§ Task
From the data below, return the exact lines starting at the line containing "unfolding pattern_def using" and ending at the line containing "Z) \<in> Pow", both included, and nothing else.

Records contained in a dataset
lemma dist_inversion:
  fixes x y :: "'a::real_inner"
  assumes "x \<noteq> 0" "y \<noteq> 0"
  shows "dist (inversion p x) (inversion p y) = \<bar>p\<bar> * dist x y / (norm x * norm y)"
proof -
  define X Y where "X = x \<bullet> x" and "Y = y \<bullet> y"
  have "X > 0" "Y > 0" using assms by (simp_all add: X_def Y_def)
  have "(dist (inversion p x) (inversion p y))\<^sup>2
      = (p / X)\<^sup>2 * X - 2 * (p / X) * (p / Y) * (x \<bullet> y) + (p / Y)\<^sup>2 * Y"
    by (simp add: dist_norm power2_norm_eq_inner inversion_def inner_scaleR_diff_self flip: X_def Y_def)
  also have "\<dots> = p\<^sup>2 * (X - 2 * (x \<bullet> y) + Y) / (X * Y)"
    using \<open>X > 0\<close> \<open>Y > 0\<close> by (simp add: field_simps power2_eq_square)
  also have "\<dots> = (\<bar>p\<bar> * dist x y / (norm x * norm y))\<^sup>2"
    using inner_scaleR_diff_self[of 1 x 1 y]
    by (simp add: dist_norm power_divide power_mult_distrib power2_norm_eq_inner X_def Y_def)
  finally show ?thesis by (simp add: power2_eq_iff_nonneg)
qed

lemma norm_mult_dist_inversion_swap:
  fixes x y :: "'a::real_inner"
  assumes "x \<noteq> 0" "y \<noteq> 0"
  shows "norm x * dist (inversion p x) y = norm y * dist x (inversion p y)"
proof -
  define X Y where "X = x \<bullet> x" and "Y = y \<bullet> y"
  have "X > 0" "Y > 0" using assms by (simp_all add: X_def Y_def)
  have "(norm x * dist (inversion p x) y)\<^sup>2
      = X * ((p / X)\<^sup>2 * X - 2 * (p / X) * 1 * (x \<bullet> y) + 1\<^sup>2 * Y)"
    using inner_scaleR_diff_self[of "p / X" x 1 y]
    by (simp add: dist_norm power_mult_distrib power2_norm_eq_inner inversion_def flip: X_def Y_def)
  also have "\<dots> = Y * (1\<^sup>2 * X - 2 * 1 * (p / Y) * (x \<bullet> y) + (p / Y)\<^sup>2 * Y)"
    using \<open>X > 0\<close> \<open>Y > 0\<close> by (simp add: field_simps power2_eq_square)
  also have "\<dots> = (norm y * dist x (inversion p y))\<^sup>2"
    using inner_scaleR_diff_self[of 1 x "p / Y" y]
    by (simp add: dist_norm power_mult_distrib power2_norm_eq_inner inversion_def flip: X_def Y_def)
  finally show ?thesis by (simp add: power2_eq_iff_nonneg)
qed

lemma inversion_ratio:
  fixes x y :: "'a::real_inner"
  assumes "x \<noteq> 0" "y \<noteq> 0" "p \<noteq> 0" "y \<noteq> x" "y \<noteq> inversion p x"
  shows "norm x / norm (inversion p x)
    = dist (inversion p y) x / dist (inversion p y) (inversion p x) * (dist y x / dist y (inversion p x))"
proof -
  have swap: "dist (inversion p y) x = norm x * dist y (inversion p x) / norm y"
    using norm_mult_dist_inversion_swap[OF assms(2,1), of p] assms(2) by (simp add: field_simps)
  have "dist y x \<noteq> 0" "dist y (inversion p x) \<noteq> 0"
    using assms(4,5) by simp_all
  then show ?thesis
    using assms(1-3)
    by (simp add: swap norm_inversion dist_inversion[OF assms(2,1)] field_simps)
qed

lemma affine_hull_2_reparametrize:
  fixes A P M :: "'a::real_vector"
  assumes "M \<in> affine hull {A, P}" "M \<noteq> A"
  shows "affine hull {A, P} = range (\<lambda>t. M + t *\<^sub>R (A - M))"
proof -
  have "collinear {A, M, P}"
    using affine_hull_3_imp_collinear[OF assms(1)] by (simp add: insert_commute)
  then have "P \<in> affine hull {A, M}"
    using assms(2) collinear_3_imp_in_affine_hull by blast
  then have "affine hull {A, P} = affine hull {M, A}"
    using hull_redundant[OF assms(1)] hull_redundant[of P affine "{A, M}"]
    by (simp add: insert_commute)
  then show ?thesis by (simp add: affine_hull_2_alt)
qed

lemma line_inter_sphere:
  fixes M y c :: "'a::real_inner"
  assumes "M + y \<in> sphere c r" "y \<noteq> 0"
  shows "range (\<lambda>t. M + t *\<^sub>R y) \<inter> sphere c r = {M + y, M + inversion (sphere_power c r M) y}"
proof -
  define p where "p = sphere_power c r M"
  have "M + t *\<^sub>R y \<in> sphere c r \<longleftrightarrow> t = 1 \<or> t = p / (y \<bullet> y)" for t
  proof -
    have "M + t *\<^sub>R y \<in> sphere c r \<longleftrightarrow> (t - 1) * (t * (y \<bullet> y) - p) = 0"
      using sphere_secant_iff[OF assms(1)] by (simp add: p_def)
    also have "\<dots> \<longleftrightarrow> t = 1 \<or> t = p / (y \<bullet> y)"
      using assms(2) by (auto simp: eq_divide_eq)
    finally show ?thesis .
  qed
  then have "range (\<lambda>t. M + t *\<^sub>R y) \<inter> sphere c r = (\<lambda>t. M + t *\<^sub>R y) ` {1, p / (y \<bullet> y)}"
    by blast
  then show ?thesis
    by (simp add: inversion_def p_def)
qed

...

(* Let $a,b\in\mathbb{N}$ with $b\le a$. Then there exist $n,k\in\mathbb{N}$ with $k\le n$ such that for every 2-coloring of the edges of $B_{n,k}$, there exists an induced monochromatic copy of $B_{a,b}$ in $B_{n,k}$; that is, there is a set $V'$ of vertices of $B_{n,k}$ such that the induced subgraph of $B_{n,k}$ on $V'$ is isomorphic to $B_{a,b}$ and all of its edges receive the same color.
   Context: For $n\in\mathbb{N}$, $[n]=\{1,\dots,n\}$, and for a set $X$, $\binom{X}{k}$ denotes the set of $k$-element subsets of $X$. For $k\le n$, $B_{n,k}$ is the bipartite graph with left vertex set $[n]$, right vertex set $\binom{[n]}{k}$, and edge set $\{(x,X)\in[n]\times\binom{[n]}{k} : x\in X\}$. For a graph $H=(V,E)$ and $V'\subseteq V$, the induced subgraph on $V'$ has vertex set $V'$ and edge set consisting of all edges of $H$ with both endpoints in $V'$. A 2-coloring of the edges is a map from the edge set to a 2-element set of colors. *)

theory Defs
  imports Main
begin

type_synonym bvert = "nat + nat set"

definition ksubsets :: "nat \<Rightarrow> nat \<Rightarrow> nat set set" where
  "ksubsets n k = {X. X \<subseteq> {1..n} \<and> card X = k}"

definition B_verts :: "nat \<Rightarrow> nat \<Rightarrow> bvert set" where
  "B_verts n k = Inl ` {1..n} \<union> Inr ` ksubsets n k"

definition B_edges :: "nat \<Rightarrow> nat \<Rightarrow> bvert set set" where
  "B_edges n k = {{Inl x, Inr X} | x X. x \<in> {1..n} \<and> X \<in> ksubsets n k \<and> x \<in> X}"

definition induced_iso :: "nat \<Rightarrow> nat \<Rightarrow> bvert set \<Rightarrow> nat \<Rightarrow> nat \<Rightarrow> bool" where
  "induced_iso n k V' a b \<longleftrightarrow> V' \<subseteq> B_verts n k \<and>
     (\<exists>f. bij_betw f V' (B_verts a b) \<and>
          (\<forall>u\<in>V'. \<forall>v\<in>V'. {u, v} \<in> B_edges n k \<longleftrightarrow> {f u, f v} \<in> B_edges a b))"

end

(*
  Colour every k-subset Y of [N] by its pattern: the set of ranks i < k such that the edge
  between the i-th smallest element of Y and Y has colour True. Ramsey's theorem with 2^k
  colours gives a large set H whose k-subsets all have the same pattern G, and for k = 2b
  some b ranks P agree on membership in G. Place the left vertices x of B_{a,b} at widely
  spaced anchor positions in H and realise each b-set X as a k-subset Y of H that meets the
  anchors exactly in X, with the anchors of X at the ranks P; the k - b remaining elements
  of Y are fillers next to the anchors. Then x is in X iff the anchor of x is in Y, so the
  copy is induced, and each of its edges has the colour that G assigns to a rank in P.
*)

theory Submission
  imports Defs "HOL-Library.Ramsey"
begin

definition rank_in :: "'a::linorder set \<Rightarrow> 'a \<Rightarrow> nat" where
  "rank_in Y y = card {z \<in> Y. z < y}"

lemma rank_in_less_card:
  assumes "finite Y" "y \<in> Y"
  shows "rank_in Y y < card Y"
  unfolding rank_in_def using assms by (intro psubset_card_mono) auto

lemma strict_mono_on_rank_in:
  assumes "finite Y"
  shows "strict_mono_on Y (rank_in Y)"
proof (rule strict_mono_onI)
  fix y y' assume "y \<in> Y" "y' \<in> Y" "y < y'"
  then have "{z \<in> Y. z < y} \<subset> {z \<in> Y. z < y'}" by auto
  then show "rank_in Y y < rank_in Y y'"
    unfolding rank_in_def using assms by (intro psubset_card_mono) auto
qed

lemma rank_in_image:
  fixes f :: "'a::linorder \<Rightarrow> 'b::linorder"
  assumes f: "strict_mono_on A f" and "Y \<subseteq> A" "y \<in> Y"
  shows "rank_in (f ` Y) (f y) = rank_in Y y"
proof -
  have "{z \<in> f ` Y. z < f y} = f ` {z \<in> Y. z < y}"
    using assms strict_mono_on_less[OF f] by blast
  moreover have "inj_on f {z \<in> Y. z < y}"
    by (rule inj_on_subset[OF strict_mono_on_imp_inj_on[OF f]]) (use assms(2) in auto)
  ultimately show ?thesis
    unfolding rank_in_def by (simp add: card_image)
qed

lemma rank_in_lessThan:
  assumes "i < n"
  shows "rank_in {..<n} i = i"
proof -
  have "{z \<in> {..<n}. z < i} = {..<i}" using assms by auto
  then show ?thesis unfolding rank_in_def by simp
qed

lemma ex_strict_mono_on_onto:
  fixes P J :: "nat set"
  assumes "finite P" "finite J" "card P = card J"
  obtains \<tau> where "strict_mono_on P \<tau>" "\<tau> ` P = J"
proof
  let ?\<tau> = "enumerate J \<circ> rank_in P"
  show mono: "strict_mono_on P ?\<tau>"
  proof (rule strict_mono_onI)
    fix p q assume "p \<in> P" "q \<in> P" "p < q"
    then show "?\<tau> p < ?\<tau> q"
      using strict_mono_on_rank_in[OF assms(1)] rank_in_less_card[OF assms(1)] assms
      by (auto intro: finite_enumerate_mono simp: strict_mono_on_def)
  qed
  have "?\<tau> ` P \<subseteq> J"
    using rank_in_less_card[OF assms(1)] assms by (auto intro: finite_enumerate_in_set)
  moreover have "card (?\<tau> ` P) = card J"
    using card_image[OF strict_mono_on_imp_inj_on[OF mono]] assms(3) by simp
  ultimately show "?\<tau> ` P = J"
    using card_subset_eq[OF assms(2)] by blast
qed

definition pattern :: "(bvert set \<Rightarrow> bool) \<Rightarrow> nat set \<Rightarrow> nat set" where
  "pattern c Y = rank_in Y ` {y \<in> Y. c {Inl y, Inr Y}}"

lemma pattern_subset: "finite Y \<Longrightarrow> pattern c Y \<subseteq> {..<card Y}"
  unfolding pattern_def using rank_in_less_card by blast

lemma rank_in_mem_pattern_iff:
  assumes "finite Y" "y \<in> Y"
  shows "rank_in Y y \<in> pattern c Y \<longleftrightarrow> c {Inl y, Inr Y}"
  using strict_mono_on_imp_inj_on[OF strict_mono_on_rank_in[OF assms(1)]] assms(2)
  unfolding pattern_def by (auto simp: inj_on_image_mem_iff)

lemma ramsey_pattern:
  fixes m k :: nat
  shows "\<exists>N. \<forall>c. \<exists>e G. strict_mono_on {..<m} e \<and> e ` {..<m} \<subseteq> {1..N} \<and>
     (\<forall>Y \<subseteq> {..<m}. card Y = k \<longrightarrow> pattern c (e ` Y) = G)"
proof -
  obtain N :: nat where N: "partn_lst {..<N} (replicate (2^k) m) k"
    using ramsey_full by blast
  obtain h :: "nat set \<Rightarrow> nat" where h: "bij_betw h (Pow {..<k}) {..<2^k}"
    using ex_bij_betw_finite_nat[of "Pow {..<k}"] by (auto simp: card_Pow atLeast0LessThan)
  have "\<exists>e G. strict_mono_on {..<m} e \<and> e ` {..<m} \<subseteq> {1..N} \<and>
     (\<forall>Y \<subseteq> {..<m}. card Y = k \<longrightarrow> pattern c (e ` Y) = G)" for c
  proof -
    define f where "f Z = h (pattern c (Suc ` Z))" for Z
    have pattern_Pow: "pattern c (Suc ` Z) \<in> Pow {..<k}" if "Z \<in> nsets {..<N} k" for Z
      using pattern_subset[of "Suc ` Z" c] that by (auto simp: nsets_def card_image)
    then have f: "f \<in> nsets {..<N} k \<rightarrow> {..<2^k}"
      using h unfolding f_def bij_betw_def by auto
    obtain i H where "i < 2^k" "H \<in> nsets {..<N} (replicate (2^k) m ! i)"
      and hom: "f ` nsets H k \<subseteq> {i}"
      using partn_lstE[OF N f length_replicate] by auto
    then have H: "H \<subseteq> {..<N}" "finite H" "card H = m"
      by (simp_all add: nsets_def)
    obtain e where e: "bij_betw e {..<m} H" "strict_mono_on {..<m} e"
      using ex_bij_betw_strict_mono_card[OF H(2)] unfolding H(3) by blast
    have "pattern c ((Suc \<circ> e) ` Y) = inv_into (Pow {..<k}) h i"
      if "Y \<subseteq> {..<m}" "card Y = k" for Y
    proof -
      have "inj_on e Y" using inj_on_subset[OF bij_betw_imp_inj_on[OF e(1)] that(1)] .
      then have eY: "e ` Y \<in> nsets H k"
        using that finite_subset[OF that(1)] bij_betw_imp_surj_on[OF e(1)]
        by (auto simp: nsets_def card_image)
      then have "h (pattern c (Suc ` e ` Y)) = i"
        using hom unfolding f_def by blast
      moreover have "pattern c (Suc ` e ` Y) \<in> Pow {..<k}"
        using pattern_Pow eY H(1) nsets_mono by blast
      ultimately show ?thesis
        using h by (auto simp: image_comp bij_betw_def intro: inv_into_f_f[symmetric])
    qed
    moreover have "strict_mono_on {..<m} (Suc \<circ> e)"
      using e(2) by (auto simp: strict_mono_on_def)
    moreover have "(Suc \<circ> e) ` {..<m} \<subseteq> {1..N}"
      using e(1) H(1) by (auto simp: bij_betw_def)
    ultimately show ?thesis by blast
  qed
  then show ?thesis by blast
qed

* * *

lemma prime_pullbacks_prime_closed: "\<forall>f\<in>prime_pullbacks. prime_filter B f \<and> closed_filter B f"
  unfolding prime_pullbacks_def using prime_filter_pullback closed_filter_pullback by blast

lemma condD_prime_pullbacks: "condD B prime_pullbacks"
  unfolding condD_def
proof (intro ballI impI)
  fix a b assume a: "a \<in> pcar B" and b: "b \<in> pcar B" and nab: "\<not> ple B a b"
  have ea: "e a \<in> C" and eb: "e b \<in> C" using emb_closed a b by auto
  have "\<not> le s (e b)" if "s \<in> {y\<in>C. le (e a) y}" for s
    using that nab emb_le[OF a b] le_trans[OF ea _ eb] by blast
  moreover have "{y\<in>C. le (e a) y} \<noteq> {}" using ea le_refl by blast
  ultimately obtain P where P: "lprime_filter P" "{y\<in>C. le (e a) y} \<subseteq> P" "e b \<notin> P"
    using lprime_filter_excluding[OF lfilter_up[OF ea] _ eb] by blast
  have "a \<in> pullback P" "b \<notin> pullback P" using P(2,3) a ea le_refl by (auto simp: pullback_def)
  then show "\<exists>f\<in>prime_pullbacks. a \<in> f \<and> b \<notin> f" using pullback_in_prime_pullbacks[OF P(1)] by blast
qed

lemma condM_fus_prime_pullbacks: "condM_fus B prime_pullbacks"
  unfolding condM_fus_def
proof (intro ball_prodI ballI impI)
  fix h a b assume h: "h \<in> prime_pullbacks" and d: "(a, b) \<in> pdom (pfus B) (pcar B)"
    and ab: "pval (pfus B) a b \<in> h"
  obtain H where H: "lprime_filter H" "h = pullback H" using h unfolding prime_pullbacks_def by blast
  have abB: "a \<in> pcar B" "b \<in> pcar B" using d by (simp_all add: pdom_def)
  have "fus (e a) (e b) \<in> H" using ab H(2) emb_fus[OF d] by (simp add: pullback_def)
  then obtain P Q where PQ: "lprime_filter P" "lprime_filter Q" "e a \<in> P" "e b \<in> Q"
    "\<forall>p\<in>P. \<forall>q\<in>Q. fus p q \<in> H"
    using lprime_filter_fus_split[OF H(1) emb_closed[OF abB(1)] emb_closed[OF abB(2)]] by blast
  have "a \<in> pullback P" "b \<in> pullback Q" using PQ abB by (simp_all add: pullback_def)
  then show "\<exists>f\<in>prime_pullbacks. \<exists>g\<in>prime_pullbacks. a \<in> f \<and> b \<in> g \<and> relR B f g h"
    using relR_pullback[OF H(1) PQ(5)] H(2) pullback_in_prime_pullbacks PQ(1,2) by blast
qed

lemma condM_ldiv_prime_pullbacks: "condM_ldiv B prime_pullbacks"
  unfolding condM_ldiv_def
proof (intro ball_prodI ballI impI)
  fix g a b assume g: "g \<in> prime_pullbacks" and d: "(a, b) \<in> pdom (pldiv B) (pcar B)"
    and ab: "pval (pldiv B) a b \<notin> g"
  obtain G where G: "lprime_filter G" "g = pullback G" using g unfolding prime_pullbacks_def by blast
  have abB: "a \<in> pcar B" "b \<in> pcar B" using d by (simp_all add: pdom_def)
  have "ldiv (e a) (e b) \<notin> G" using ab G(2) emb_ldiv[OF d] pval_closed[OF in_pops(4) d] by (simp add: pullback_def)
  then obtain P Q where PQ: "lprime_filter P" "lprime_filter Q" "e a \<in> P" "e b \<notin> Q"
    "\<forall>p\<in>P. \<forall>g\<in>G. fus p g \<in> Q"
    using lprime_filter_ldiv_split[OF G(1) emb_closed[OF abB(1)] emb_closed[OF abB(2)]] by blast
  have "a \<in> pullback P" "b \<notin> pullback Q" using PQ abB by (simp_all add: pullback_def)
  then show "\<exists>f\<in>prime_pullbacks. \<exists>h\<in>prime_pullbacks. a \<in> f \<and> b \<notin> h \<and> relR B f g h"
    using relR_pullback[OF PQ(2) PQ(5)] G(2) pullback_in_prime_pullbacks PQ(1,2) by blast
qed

§ Solution to the exercise
  unfolding pattern_def using rank_in_less_card by blast

lemma rank_in_mem_pattern_iff:
  assumes "finite Y" "y \<in> Y"
  shows "rank_in Y y \<in> pattern c Y \<longleftrightarrow> c {Inl y, Inr Y}"
  using strict_mono_on_imp_inj_on[OF strict_mono_on_rank_in[OF assms(1)]] assms(2)
  unfolding pattern_def by (auto simp: inj_on_image_mem_iff)

lemma ramsey_pattern:
  fixes m k :: nat
  shows "\<exists>N. \<forall>c. \<exists>e G. strict_mono_on {..<m} e \<and> e ` {..<m} \<subseteq> {1..N} \<and>
     (\<forall>Y \<subseteq> {..<m}. card Y = k \<longrightarrow> pattern c (e ` Y) = G)"
proof -
  obtain N :: nat where N: "partn_lst {..<N} (replicate (2^k) m) k"
    using ramsey_full by blast
  obtain h :: "nat set \<Rightarrow> nat" where h: "bij_betw h (Pow {..<k}) {..<2^k}"
    using ex_bij_betw_finite_nat[of "Pow {..<k}"] by (auto simp: card_Pow atLeast0LessThan)
  have "\<exists>e G. strict_mono_on {..<m} e \<and> e ` {..<m} \<subseteq> {1..N} \<and>
     (\<forall>Y \<subseteq> {..<m}. card Y = k \<longrightarrow> pattern c (e ` Y) = G)" for c
  proof -
    define f where "f Z = h (pattern c (Suc ` Z))" for Z
    have pattern_Pow: "pattern c (Suc ` Z) \<in> Pow {..<k}" if "Z \<in> nsets {..<N} k" for Z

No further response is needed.